12The question only is, who is liable therefor? Learned Addl Solicitor General submitted that the first and second respondents have no conflicting interest. He, however, did point out that auction sale was in violation of the directive issued by the Customs Authorities, whereas Mr. Sidhu, learned counsel for respondent No.1 submitted that his client does not have any statutory liability whatsoever.

13.This Court is not concerned with the question whether the first or the second respondent is liable . Ex- facie, respondent no.1 is primarily liable for payment of the value of the goods to the petitioner. It can recover the amount either in whole or in part from the bailee having regard to the provisions of the Indian Contract Act as also any other law for the time being in force.

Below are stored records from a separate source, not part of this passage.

(* Let $\Delta,k\in\mathbb{N}$ with $k>6\Delta$. Let $G$ be a graph and $x\in V(G)$ such that $\delta(G-x)\ge (2/3-1/(6\Delta))k$ and $G-x$ is bipartite with parts $Y_1,Y_2$. If $x$ has at least $\Delta$ neighbours in $Y_1$ and at least $\Delta$ neighbours in $Y_2$, then $G$ contains a copy of every tree $T$ with $k$ edges and $\Delta(T)\le\Delta$.
   Context: Graphs are finite and simple; $\delta$ denotes minimum degree. "Contains a copy of $T$" means has a subgraph isomorphic to $T$. *)

theory Defs
  imports Complex_Main
begin

definition sgraph :: "'a set \<Rightarrow> ('a \<Rightarrow> 'a \<Rightarrow> bool) \<Rightarrow> bool" where
  "sgraph V E \<longleftrightarrow> finite V \<and>
     (\<forall>u v. E u v \<longrightarrow> u \<in> V \<and> v \<in> V \<and> u \<noteq> v \<and> E v u)"

definition nbrs :: "'a set \<Rightarrow> ('a \<Rightarrow> 'a \<Rightarrow> bool) \<Rightarrow> 'a \<Rightarrow> 'a set" where
  "nbrs V E v = {u \<in> V. E v u}"

definition degree :: "'a set \<Rightarrow> ('a \<Rightarrow> 'a \<Rightarrow> bool) \<Rightarrow> 'a \<Rightarrow> nat" where
  "degree V E v = card (nbrs V E v)"

definition edges :: "'a set \<Rightarrow> ('a \<Rightarrow> 'a \<Rightarrow> bool) \<Rightarrow> 'a set set" where
  "edges V E = {{u, v} | u v. u \<in> V \<and> v \<in> V \<and> E u v}"

definition max_degree_le :: "'a set \<Rightarrow> ('a \<Rightarrow> 'a \<Rightarrow> bool) \<Rightarrow> nat \<Rightarrow> bool" where
  "max_degree_le V E d \<longleftrightarrow> (\<forall>v\<in>V. degree V E v \<le> d)"

definition connected_graph :: "'a set \<Rightarrow> ('a \<Rightarrow> 'a \<Rightarrow> bool) \<Rightarrow> bool" where
  "connected_graph V E \<longleftrightarrow>
     (\<forall>u\<in>V. \<forall>v\<in>V. (\<lambda>a b. a \<in> V \<and> b \<in> V \<and> E a b)\<^sup>*\<^sup>* u v)"

definition has_cycle :: "'a set \<Rightarrow> ('a \<Rightarrow> 'a \<Rightarrow> bool) \<Rightarrow> bool" where
  "has_cycle V E \<longleftrightarrow> (\<exists>cs. length cs \<ge> 3 \<and> distinct cs \<and> set cs \<subseteq> V \<and>
      (\<forall>i. Suc i < length cs \<longrightarrow> E (cs ! i) (cs ! Suc i)) \<and> E (last cs) (hd cs))"

definition is_tree :: "'a set \<Rightarrow> ('a \<Rightarrow> 'a \<Rightarrow> bool) \<Rightarrow> bool" where
  "is_tree V E \<longleftrightarrow> sgraph V E \<and> V \<noteq> {} \<and> connected_graph V E \<and> \<not> has_cycle V E"

definition contains_copy ::
  "'a set \<Rightarrow> ('a \<Rightarrow> 'a \<Rightarrow> bool) \<Rightarrow> 'b set \<Rightarrow> ('b \<Rightarrow> 'b \<Rightarrow> bool) \<Rightarrow> bool" where
  "contains_copy V E VH EH \<longleftrightarrow> (\<exists>f. inj_on f VH \<and> f ` VH \<subseteq> V \<and>
      (\<forall>u\<in>VH. \<forall>v\<in>VH. EH u v \<longrightarrow> E (f u) (f v)))"

definition bipartite_parts :: "'a set \<Rightarrow> ('a \<Rightarrow> 'a \<Rightarrow> bool) \<Rightarrow> 'a set \<Rightarrow> 'a set \<Rightarrow> bool" where
  "bipartite_parts V E Y1 Y2 \<longleftrightarrow> Y1 \<union> Y2 = V \<and> Y1 \<inter> Y2 = {} \<and>
     (\<forall>u\<in>Y1. \<forall>v\<in>Y1. \<not> E u v) \<and> (\<forall>u\<in>Y2. \<forall>v\<in>Y2. \<not> E u v)"

end

theory Submission
  imports Defs
begin
(* Let $G$ be a finite Frobenius group with abelian Frobenius kernel $N$ and abelian Frobenius complement $H$. Then $$A_G(t)=\frac{1}{|G|}\left[\frac{1}{1-|G|t}+\frac{|N|-1}{1-|N|t}+\frac{|N|(|H|-1)}{1-|H|t}\right]$$ and $$B_G(t)=\frac{1}{1-t}\left[1+\frac{(|N|-1)t}{|H|(1-|N|t)}+\frac{(|H|-1)t}{1-|H|t}\right].$$
   Context: A finite group $G$ is a Frobenius group if it has a proper non-trivial subgroup $H$ (a Frobenius complement) such that $H\cap gHg^{-1}=\{1\}$ for all $g\in G\setminus H$; the Frobenius kernel is $N=\left(G\setminus\bigcup_{g\in G}gHg^{-1}\right)\cup\{1\}$, a normal subgroup with $G=N\rtimes H$. For a finite group $G$ and $n\ge0$, $G$ acts on $G^n$ by simultaneous conjugation; let $G^{(n)}\subseteq G^n$ be the set of $n$-tuples of pairwise commuting elements. Let $\alpha_{G,n}$ (resp. $\beta_{G,n}$) be the number of orbits on $G^n$ (resp. $G^{(n)}$), and $A_G(t)=\sum_{n\ge0}\alpha_{G,n}t^n$, $B_G(t)=\sum_{n\ge0}\beta_{G,n}t^n$. *)

theory Defs
  imports "HOL-Algebra.Group" "HOL-Computational_Algebra.Formal_Power_Series"
begin

definition conj_set :: "('a, 'b) monoid_scheme \<Rightarrow> 'a \<Rightarrow> 'a set \<Rightarrow> 'a set" where
  "conj_set G g H = {g \<otimes>\<^bsub>G\<^esub> h \<otimes>\<^bsub>G\<^esub> inv\<^bsub>G\<^esub> g | h. h \<in> H}"

definition frobenius_complement :: "('a, 'b) monoid_scheme \<Rightarrow> 'a set \<Rightarrow> bool" where
  "frobenius_complement G H \<longleftrightarrow> subgroup H G \<and> H \<noteq> {\<one>\<^bsub>G\<^esub>} \<and> H \<noteq> carrier G \<and>
     (\<forall>g \<in> carrier G - H. H \<inter> conj_set G g H = {\<one>\<^bsub>G\<^esub>})"
lemma lin_comb_index: "i < m \<Longrightarrow> j < m \<Longrightarrow> lin_comb f $$ (i, j) = (\<Sum>z\<in>Z. f z * \<rho> z $$ (i, j))"
  unfolding lin_comb_def by simp

lemma lin_comb_cong: "(\<And>z. z \<in> Z \<Longrightarrow> f z = g z) \<Longrightarrow> lin_comb f = lin_comb g"
  unfolding lin_comb_def by (intro cong_mat refl) (auto intro: sum.cong)

lemma lin_comb_delta:
  assumes y: "y \<in> Z" shows "lin_comb (\<lambda>z. if z = y then 1 else 0) = \<rho> y"
proof (rule eq_matI)
  fix i j assume "i < dim_row (\<rho> y)" "j < dim_col (\<rho> y)"
  then have ij: "i < m" "j < m" using \<rho>_carrier[OF y] by auto
  have "(\<Sum>z\<in>Z. (if z = y then 1 else 0) * \<rho> z $$ (i, j)) = (\<Sum>z\<in>Z. if z = y then \<rho> z $$ (i, j) else 0)"
    by (intro sum.cong) auto
  also have "\<dots> = \<rho> y $$ (i, j)" using y finite_Z by (simp add: sum.delta')
  finally have "(\<Sum>z\<in>Z. (if z = y then 1 else 0) * \<rho> z $$ (i, j)) = \<rho> y $$ (i, j)" .
  then show "lin_comb (\<lambda>z. if z = y then 1 else 0) $$ (i, j) = \<rho> y $$ (i, j)"
    using lin_comb_index[OF ij] by simp
qed (use \<rho>_carrier[OF y] lin_comb_carrier in auto)

lemma \<rho>_mult_index:
  assumes "x \<in> Z" "y \<in> Z" "i < m" "j < m"
  shows "\<rho> (x \<otimes> y) $$ (i, j) = (\<Sum>k<m. \<rho> x $$ (i, k) * \<rho> y $$ (k, j))"
  using \<rho>_mult[OF assms(1,2)] \<rho>_carrier[OF assms(1)] \<rho>_carrier[OF assms(2)] assms(3,4)
  by (auto simp: scalar_prod_def lessThan_atLeast0 intro: sum.cong)

lemma lin_comb_mult: "lin_comb f * lin_comb g = lin_comb (\<lambda>u. \<Sum>z\<in>Z. f z * g (inv z \<otimes> u))"
proof (rule eq_matI)
  fix i j assume "i < dim_row (lin_comb (\<lambda>u. \<Sum>z\<in>Z. f z * g (inv z \<otimes> u)))"
    "j < dim_col (lin_comb (\<lambda>u. \<Sum>z\<in>Z. f z * g (inv z \<otimes> u)))"
  then have ij: "i < m" "j < m" by simp_all
  have reindex: "(\<Sum>w\<in>Z. (f z * g w) * \<rho> (z \<otimes> w) $$ (i, j))
      = (\<Sum>u\<in>Z. (f z * g (inv z \<otimes> u)) * \<rho> u $$ (i, j))" if z: "z \<in> Z" for z
  proof -
    have "(\<Sum>w\<in>Z. (f z * g w) * \<rho> (z \<otimes> w) $$ (i, j))
        = (\<Sum>u\<in>Z. (f z * g (inv z \<otimes> u)) * \<rho> (z \<otimes> (inv z \<otimes> u)) $$ (i, j))"
      by (rule sum_Z_reindex_mult[OF inv_Z[OF z]])
    also have "\<dots> = (\<Sum>u\<in>Z. (f z * g (inv z \<otimes> u)) * \<rho> u $$ (i, j))"
      using z ZG by (intro sum.cong refl) (simp add: m_assoc[symmetric])
    finally show ?thesis .
  qed
  have "(lin_comb f * lin_comb g) $$ (i, j) = (\<Sum>k<m. lin_comb f $$ (i, k) * lin_comb g $$ (k, j))"
    using ij by (auto simp: scalar_prod_def lessThan_atLeast0 intro: sum.cong)
  also have "\<dots> = (\<Sum>k<m. (\<Sum>z\<in>Z. f z * \<rho> z $$ (i, k)) * (\<Sum>w\<in>Z. g w * \<rho> w $$ (k, j)))"
    using ij by (intro sum.cong refl) (simp add: lin_comb_index)
  also have "\<dots> = (\<Sum>k<m. \<Sum>z\<in>Z. \<Sum>w\<in>Z. (f z * g w) * (\<rho> z $$ (i, k) * \<rho> w $$ (k, j)))"
    by (intro sum.cong refl) (simp add: sum_product mult_ac)
  also have "\<dots> = (\<Sum>z\<in>Z. \<Sum>w\<in>Z. \<Sum>k<m. (f z * g w) * (\<rho> z $$ (i, k) * \<rho> w $$ (k, j)))"
    by (subst sum.swap) (rule sum.cong[OF refl], rule sum.swap)
  also have "\<dots> = (\<Sum>z\<in>Z. \<Sum>w\<in>Z. (f z * g w) * \<rho> (z \<otimes> w) $$ (i, j))"
    using ij by (intro sum.cong refl) (simp add: \<rho>_mult_index sum_distrib_left)
  also have "\<dots> = (\<Sum>z\<in>Z. \<Sum>u\<in>Z. (f z * g (inv z \<otimes> u)) * \<rho> u $$ (i, j))"
    using reindex by (rule sum.cong[OF refl])
  also have "\<dots> = (\<Sum>u\<in>Z. (\<Sum>z\<in>Z. f z * g (inv z \<otimes> u)) * \<rho> u $$ (i, j))"
    by (subst sum.swap) (simp add: sum_distrib_right)
  also have "\<dots> = lin_comb (\<lambda>u. \<Sum>z\<in>Z. f z * g (inv z \<otimes> u)) $$ (i, j)"
    using lin_comb_index[OF ij] by simp
  finally show "(lin_comb f * lin_comb g) $$ (i, j) = lin_comb (\<lambda>u. \<Sum>z\<in>Z. f z * g (inv z \<otimes> u)) $$ (i, j)" .
qed (use lin_comb_carrier in auto)

definition char_ext :: "('a \<Rightarrow> complex) \<Rightarrow> 'a \<Rightarrow> complex" where
  "char_ext \<chi> = (SOME \<psi>. is_character G (carrier G) \<psi> \<and> (\<forall>b \<in> Z. \<psi> b = \<chi> b))"

lemma char_ext:
  assumes "\<chi> \<in> chars"
  shows "is_character G (carrier G) (char_ext \<chi>)" "\<And>b. b \<in> Z \<Longrightarrow> char_ext \<chi> b = \<chi> b"
proof -
  have "\<exists>\<psi>. is_character G (carrier G) \<psi> \<and> (\<forall>b \<in> Z. \<psi> b = \<chi> b)"
    using character_extension[OF fin Z] assms unfolding chars_def by blast
  then have "is_character G (carrier G) (char_ext \<chi>) \<and> (\<forall>b \<in> Z. char_ext \<chi> b = \<chi> b)"
    unfolding char_ext_def by (rule someI_ex)
  then show "is_character G (carrier G) (char_ext \<chi>)" "\<And>b. b \<in> Z \<Longrightarrow> char_ext \<chi> b = \<chi> b"
    by blast+
qed

lemma char_ext_mult:
  "\<chi> \<in> chars \<Longrightarrow> a \<in> carrier G \<Longrightarrow> b \<in> carrier G \<Longrightarrow> char_ext \<chi> (a \<otimes> b) = char_ext \<chi> a * char_ext \<chi> b"
  using char_ext(1) unfolding is_character_def by blast

lemma sum_chars_diagonal:
  "(\<Sum>z\<in>Z. \<Sum>\<chi>\<in>chars. \<Sum>\<psi>\<in>chars. c \<chi> \<psi> * (\<chi> (inv z) * \<psi> z)) = of_nat (card Z) * (\<Sum>\<chi>\<in>chars. c \<chi> \<chi>)"
proof -
  have "(\<Sum>z\<in>Z. \<Sum>\<chi>\<in>chars. \<Sum>\<psi>\<in>chars. c \<chi> \<psi> * (\<chi> (inv z) * \<psi> z))
      = (\<Sum>\<chi>\<in>chars. \<Sum>\<psi>\<in>chars. \<Sum>z\<in>Z. c \<chi> \<psi> * (\<chi> (inv z) * \<psi> z))"
    by (subst sum.swap) (rule sum.cong[OF refl], rule sum.swap)
  also have "\<dots> = (\<Sum>\<chi>\<in>chars. \<Sum>\<psi>\<in>chars. if \<chi> = \<psi> then c \<chi> \<psi> * of_nat (card Z) else 0)"
    by (intro sum.cong refl) (simp add: sum_distrib_left[symmetric] chars_orthogonality)
  also have "\<dots> = (\<Sum>\<chi>\<in>chars. c \<chi> \<chi> * of_nat (card Z))"
    using finite_chars by (intro sum.cong refl) (simp add: sum.delta)
  also have "\<dots> = of_nat (card Z) * (\<Sum>\<chi>\<in>chars. c \<chi> \<chi>)"
    by (simp add: sum_distrib_left mult.commute)
  finally show ?thesis .
qed

text \<open>The matrix \<open>\<rho> z\<close> decomposes along the characters of \<open>Z\<close>; replacing each character
  by an extension to \<open>G\<close> in the Fourier expansion extends \<open>\<rho>\<close> to \<open>G\<close>.\<close>
definition coeff :: "'a \<Rightarrow> 'a \<Rightarrow> complex" where
  "coeff a z = (\<Sum>\<chi>\<in>chars. char_ext \<chi> a * \<chi> (inv z)) / of_nat (card Z)"

lemma coeff_convolution:
  assumes a: "a \<in> carrier G" and b: "b \<in> carrier G" and u: "u \<in> Z"
  shows "(\<Sum>z\<in>Z. coeff a z * coeff b (inv z \<otimes> u)) = coeff (a \<otimes> b) u"
proof -
  let ?n = "of_nat (card Z) :: complex"
  let ?c = "\<lambda>\<chi> \<psi>. char_ext \<chi> a * char_ext \<psi> b * \<psi> (inv u)"
  have inv_eq: "\<psi> (inv (inv z \<otimes> u)) = \<psi> (inv u) * \<psi> z" if z: "z \<in> Z" and \<psi>: "\<psi> \<in> chars" for z \<psi>
  proof -
    have "inv (inv z \<otimes> u) = inv u \<otimes> z" using z u ZG by (simp add: inv_mult_group)
    then show ?thesis using chars_mult[OF \<psi> inv_Z[OF u] z] by simp
  qed
  have "coeff a z * coeff b (inv z \<otimes> u)
      = (\<Sum>\<chi>\<in>chars. \<Sum>\<psi>\<in>chars. ?c \<chi> \<psi> * (\<chi> (inv z) * \<psi> z)) / (?n * ?n)" if z: "z \<in> Z" for z
  proof -
    have "(\<Sum>\<psi>\<in>chars. char_ext \<psi> b * \<psi> (inv (inv z \<otimes> u)))
        = (\<Sum>\<psi>\<in>chars. char_ext \<psi> b * (\<psi> (inv u) * \<psi> z))"
      using inv_eq[OF z] by (intro sum.cong refl) simp
    then show ?thesis unfolding coeff_def by (simp add: sum_product mult_ac)
  qed
  then have "(\<Sum>z\<in>Z. coeff a z * coeff b (inv z \<otimes> u))
      = (\<Sum>z\<in>Z. \<Sum>\<chi>\<in>chars. \<Sum>\<psi>\<in>chars. ?c \<chi> \<psi> * (\<chi> (inv z) * \<psi> z)) / (?n * ?n)"
    by (simp add: sum_divide_distrib)
  also have "\<dots> = (\<Sum>\<chi>\<in>chars. ?c \<chi> \<chi>) / ?n"
    unfolding sum_chars_diagonal using card_Z_pos by simp
  also have "(\<Sum>\<chi>\<in>chars. ?c \<chi> \<chi>) = (\<Sum>\<chi>\<in>chars. char_ext \<chi> (a \<otimes> b) * \<chi> (inv u))"
    using char_ext_mult a b by (intro sum.cong refl) simp
  finally show ?thesis unfolding coeff_def .
qed

lemma coeff_on_Z:
  assumes y: "y \<in> Z" and z: "z \<in> Z"
  shows "coeff y z = (if z = y then 1 else 0)"
proof -
  have "(\<Sum>\<chi>\<in>chars. char_ext \<chi> y * \<chi> (inv z)) = (\<Sum>\<chi>\<in>chars. \<chi> (y \<otimes> inv z))"
    using char_ext(2) y chars_mult inv_Z z by (intro sum.cong refl) simp
  also have "\<dots> = (if y \<otimes> inv z = \<one> then of_nat (card Z) else 0)"
    using sum_chars[OF mult_Z[OF y inv_Z[OF z]]] card_chars by simp
  also have "y \<otimes> inv z = \<one> \<longleftrightarrow> z = y"
  proof
    assume "y \<otimes> inv z = \<one>"
    then have "y \<otimes> inv z \<otimes> z = z" using z ZG by simp
    then show "z = y" using y z ZG by (simp add: m_assoc)
  qed (use y ZG in simp)
  finally show ?thesis unfolding coeff_def using card_Z_pos by simp
qed

definition extended_rep :: "'a \<Rightarrow> complex mat" where
  "extended_rep a = lin_comb (coeff a)"

lemma extended_rep_on_Z:
  assumes "y \<in> Z" shows "extended_rep y = \<rho> y"
proof -
  have "extended_rep y = lin_comb (\<lambda>z. if z = y then 1 else 0)"
    unfolding extended_rep_def using coeff_on_Z[OF assms] by (rule lin_comb_cong)
  then show ?thesis using lin_comb_delta[OF assms] by simp
qed

lemma representation_extended_rep: "representation G m extended_rep"
  unfolding representation_def
proof (intro conjI ballI)
  show "extended_rep g \<in> carrier_mat m m" for g
    unfolding extended_rep_def by (rule lin_comb_carrier)
  show "extended_rep (a \<otimes> b) = extended_rep a * extended_rep b" if "a \<in> carrier G" "b \<in> carrier G" for a b
    unfolding extended_rep_def lin_comb_mult using that by (intro lin_comb_cong) (simp add: coeff_convolution)
  show "extended_rep \<one> = 1\<^sub>m m" using extended_rep_on_Z[OF one_Z] \<rho>_one by simp
qed

end

lemma (in comm_group) representation_extension:
  assumes "finite (carrier G)" "subgroup Z G" "representation (G\<lparr>carrier := Z\<rparr>) m \<rho>"
  obtains \<sigma> where "representation G m \<sigma>" "\<And>z. z \<in> Z \<Longrightarrow> \<sigma> z = \<rho> z"
proof -
  interpret abelian_extension G Z \<rho> m
    by (intro abelian_extension.intro abelian_extension_axioms.intro comm_group_axioms assms)
  show ?thesis using that representation_extended_rep extended_rep_on_Z by blast
qed


section \<open>Induced representations\<close>

lemma mat_mult_index:
  assumes "B \<in> carrier_mat n k" "C \<in> carrier_mat k n'" "p < n" "q < n'"
  shows "(B * C) $$ (p, q) = (\<Sum>l<k. B $$ (p, l) * C $$ (l, q))"
  using assms by (auto simp: scalar_prod_def lessThan_atLeast0 intro: sum.cong)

The said matter has to be resolved inter se between respondents 1 and 2.

Respondent No.1, in our considered opinion, cannot avoid its liability by throwing the blame on the second respondent. The second respondent was merely a custodian in terms of sub-section (1) of Section 45. Even if the goods have been sold in violation of the circular letter issued by the customs authority, proper steps can be taken against the custodian of the goods but for that purpose, the petitioner cannot be deprived of its legitimate dues.

14.We, therefore are of the view that interest of justice would be met if a direction is issued to the first respondent to pay the aforesaid amount of Rs. 65 lakhs to the petitioner herein with interest @ 12% p.a. from August, 1995 till the date of actual payment. However, the first respondent will be at liberty to realise the said amount either in whole or part to which it may be entitled to from the second respondent. In the facts and circumstances of the case the petitioner shall also be entitled to costs. Counsel's fee assessed at Rs. 10,000/-.